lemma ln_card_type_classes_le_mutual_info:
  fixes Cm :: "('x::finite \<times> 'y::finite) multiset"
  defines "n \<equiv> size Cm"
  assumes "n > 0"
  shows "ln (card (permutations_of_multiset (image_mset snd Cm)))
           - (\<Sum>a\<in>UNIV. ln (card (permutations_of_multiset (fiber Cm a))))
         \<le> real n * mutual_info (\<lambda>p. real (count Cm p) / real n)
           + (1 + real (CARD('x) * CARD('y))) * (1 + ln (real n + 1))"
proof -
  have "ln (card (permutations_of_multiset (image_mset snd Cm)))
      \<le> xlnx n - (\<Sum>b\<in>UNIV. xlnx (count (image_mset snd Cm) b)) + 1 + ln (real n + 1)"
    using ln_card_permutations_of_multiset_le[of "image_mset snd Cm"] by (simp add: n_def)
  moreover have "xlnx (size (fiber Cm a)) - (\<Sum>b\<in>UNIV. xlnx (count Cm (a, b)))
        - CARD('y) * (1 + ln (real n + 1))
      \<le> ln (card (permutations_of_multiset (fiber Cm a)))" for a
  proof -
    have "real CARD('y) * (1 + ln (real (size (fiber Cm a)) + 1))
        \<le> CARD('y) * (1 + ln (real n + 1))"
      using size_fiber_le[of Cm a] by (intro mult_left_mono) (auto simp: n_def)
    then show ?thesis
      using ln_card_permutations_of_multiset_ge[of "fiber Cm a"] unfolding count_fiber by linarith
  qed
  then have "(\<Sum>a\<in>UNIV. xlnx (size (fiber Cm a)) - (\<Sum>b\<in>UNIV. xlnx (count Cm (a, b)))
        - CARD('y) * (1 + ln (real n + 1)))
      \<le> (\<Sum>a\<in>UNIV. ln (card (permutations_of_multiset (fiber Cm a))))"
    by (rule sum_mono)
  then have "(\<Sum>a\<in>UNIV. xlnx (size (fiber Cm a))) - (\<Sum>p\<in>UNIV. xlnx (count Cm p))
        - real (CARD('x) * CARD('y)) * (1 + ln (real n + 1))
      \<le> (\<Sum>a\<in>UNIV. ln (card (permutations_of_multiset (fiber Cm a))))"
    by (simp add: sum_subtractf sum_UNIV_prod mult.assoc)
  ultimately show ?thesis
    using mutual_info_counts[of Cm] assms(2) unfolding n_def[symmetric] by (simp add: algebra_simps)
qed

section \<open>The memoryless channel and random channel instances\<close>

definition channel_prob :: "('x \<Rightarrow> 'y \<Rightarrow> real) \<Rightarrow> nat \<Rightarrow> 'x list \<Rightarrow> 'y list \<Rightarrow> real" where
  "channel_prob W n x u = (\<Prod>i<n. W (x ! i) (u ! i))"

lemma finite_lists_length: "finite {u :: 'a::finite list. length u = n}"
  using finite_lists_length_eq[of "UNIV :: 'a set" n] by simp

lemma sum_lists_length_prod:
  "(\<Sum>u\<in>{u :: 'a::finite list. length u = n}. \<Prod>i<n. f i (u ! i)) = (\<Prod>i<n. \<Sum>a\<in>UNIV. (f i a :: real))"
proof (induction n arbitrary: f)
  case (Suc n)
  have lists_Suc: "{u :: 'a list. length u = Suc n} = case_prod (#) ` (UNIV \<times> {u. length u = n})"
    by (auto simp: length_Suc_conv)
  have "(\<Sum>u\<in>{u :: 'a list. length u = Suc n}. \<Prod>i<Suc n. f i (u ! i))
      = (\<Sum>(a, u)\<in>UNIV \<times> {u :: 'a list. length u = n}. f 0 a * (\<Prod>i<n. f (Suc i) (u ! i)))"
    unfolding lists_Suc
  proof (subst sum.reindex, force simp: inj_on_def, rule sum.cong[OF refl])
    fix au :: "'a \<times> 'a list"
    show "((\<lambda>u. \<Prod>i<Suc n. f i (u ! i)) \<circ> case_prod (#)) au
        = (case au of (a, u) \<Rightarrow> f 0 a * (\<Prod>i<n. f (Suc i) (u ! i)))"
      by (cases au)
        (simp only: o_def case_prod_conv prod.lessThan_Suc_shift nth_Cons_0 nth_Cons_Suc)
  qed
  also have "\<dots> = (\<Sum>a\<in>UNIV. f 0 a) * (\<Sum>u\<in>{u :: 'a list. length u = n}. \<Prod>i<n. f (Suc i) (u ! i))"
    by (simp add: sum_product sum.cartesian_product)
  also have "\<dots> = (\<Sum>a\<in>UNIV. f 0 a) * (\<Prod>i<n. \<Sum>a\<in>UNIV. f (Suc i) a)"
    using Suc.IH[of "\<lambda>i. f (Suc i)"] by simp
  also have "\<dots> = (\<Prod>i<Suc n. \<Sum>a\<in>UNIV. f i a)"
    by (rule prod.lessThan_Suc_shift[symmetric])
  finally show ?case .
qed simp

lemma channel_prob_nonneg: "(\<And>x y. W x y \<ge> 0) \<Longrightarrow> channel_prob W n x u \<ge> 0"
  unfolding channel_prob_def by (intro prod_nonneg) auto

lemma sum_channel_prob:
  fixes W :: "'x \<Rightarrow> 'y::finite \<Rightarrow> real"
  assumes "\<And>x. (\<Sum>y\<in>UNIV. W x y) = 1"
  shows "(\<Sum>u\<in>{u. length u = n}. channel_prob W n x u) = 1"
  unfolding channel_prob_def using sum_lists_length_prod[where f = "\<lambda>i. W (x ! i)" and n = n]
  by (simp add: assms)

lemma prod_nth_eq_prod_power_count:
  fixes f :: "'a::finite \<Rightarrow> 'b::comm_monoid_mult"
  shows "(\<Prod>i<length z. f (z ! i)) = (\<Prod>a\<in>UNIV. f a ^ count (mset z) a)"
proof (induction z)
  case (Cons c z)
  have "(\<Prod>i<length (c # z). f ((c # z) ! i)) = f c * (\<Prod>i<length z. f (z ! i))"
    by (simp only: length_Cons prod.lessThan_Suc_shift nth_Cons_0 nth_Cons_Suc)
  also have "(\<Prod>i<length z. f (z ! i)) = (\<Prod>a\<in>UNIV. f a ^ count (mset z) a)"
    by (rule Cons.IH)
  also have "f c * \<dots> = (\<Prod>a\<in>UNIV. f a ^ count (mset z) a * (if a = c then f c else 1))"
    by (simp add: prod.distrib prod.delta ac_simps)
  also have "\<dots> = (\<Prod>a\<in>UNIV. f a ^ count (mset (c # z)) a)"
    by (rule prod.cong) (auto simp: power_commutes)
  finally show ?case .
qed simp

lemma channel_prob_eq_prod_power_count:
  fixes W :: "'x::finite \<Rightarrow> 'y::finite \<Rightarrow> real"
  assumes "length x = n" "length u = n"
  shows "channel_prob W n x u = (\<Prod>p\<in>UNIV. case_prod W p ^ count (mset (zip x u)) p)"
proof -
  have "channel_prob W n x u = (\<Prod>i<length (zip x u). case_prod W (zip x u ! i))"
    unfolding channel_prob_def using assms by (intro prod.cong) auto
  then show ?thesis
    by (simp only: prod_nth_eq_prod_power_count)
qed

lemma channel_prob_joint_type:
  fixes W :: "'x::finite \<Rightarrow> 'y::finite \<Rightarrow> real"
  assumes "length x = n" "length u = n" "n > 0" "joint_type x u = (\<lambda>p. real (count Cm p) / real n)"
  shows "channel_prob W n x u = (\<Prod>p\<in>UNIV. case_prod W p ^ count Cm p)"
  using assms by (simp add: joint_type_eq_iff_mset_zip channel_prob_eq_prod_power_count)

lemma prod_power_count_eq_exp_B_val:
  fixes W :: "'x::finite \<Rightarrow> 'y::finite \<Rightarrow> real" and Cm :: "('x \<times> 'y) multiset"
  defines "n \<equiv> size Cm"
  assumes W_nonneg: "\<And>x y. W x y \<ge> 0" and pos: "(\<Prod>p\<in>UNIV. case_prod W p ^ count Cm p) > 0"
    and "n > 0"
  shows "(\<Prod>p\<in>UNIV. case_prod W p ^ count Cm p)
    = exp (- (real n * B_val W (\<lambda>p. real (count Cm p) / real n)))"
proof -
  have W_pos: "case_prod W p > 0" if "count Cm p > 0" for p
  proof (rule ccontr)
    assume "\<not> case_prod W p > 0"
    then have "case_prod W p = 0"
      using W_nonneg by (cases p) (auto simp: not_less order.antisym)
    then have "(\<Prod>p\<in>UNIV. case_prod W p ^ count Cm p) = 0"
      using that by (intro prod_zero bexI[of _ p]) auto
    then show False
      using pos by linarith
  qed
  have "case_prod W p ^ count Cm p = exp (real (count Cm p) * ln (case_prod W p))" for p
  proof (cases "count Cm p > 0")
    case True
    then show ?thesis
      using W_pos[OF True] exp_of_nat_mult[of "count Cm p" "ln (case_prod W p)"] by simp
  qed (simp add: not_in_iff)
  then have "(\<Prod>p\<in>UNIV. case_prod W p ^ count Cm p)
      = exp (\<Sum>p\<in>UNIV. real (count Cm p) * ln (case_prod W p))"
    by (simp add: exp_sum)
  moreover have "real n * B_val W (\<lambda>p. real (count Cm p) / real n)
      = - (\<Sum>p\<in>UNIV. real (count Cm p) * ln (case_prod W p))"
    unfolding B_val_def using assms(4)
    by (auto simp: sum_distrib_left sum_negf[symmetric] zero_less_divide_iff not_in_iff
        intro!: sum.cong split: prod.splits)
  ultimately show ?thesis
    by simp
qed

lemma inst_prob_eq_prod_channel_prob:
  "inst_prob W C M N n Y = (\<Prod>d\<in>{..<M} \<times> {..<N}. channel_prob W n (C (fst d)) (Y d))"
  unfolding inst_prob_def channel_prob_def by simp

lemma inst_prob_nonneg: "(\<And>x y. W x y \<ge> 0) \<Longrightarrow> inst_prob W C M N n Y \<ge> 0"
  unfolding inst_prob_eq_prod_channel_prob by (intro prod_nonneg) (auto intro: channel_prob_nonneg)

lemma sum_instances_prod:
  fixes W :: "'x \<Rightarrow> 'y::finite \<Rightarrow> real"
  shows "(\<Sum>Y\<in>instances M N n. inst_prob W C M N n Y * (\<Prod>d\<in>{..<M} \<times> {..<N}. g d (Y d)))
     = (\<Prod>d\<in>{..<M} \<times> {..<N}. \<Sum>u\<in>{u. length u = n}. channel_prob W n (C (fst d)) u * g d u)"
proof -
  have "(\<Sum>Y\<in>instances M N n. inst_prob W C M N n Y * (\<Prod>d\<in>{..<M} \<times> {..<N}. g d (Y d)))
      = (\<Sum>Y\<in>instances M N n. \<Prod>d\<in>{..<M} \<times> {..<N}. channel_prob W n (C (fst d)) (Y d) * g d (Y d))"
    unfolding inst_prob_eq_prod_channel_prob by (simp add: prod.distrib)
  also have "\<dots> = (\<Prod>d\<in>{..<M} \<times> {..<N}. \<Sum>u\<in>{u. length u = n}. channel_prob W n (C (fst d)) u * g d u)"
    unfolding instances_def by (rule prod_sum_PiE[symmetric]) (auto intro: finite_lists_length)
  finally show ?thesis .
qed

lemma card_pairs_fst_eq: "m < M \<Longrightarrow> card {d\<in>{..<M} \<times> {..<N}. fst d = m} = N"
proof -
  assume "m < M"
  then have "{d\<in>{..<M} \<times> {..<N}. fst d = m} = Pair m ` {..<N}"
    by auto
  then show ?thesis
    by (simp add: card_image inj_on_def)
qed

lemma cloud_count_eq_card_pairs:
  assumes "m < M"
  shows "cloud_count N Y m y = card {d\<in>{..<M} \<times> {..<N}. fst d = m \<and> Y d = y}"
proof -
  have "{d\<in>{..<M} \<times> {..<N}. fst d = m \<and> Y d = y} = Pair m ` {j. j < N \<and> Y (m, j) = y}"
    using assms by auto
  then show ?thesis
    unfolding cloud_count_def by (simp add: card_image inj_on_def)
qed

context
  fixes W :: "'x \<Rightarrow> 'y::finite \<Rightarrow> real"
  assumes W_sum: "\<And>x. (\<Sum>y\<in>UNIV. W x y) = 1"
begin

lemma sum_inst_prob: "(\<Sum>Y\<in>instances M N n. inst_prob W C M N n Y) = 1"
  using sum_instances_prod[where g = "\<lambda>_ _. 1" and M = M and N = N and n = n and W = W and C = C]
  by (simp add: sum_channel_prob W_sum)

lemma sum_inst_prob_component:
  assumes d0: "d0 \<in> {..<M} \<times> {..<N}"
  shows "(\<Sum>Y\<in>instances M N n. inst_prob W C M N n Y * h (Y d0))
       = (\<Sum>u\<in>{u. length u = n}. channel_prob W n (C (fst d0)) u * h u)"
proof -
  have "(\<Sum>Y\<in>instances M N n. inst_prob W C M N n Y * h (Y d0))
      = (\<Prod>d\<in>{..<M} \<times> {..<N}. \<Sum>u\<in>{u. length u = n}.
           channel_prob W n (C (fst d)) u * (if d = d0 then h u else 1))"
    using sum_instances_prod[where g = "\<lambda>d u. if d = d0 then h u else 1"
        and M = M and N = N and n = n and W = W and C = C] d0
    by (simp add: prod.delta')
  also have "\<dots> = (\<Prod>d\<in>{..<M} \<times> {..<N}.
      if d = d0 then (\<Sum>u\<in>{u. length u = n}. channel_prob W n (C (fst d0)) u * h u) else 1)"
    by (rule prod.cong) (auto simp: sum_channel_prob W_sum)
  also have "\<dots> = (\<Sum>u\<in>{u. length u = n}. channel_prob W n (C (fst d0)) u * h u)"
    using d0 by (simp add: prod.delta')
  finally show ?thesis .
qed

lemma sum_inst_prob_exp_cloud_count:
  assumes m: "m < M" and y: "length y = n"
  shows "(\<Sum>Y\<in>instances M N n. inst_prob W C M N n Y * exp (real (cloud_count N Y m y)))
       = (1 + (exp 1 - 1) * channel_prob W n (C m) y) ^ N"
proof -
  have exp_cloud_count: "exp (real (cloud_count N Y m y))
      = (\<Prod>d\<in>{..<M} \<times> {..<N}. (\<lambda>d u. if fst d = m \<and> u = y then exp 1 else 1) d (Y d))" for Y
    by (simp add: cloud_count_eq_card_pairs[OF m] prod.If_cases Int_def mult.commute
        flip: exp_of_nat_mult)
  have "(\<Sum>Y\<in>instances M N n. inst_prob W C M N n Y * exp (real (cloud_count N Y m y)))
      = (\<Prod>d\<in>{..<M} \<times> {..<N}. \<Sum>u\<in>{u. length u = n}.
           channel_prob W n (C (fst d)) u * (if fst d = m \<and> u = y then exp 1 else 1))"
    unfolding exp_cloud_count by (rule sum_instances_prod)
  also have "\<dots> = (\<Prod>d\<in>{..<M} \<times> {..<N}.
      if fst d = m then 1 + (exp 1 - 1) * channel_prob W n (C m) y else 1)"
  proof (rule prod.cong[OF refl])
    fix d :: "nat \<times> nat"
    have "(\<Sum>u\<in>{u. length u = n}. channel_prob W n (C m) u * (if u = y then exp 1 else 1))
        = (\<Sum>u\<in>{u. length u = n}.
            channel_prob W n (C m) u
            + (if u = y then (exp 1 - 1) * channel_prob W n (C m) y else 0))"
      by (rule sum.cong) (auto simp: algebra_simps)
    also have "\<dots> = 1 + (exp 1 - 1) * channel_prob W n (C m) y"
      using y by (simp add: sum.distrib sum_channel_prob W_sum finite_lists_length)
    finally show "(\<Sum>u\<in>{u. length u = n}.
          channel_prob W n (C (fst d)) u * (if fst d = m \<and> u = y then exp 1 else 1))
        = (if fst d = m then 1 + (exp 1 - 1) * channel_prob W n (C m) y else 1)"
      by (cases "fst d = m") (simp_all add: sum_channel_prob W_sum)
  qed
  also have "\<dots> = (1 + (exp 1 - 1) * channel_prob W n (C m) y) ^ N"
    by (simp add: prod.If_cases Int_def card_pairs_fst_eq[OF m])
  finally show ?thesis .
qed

━━━━

Count the lines of the records that include the word "where", please, and report the number alone.

4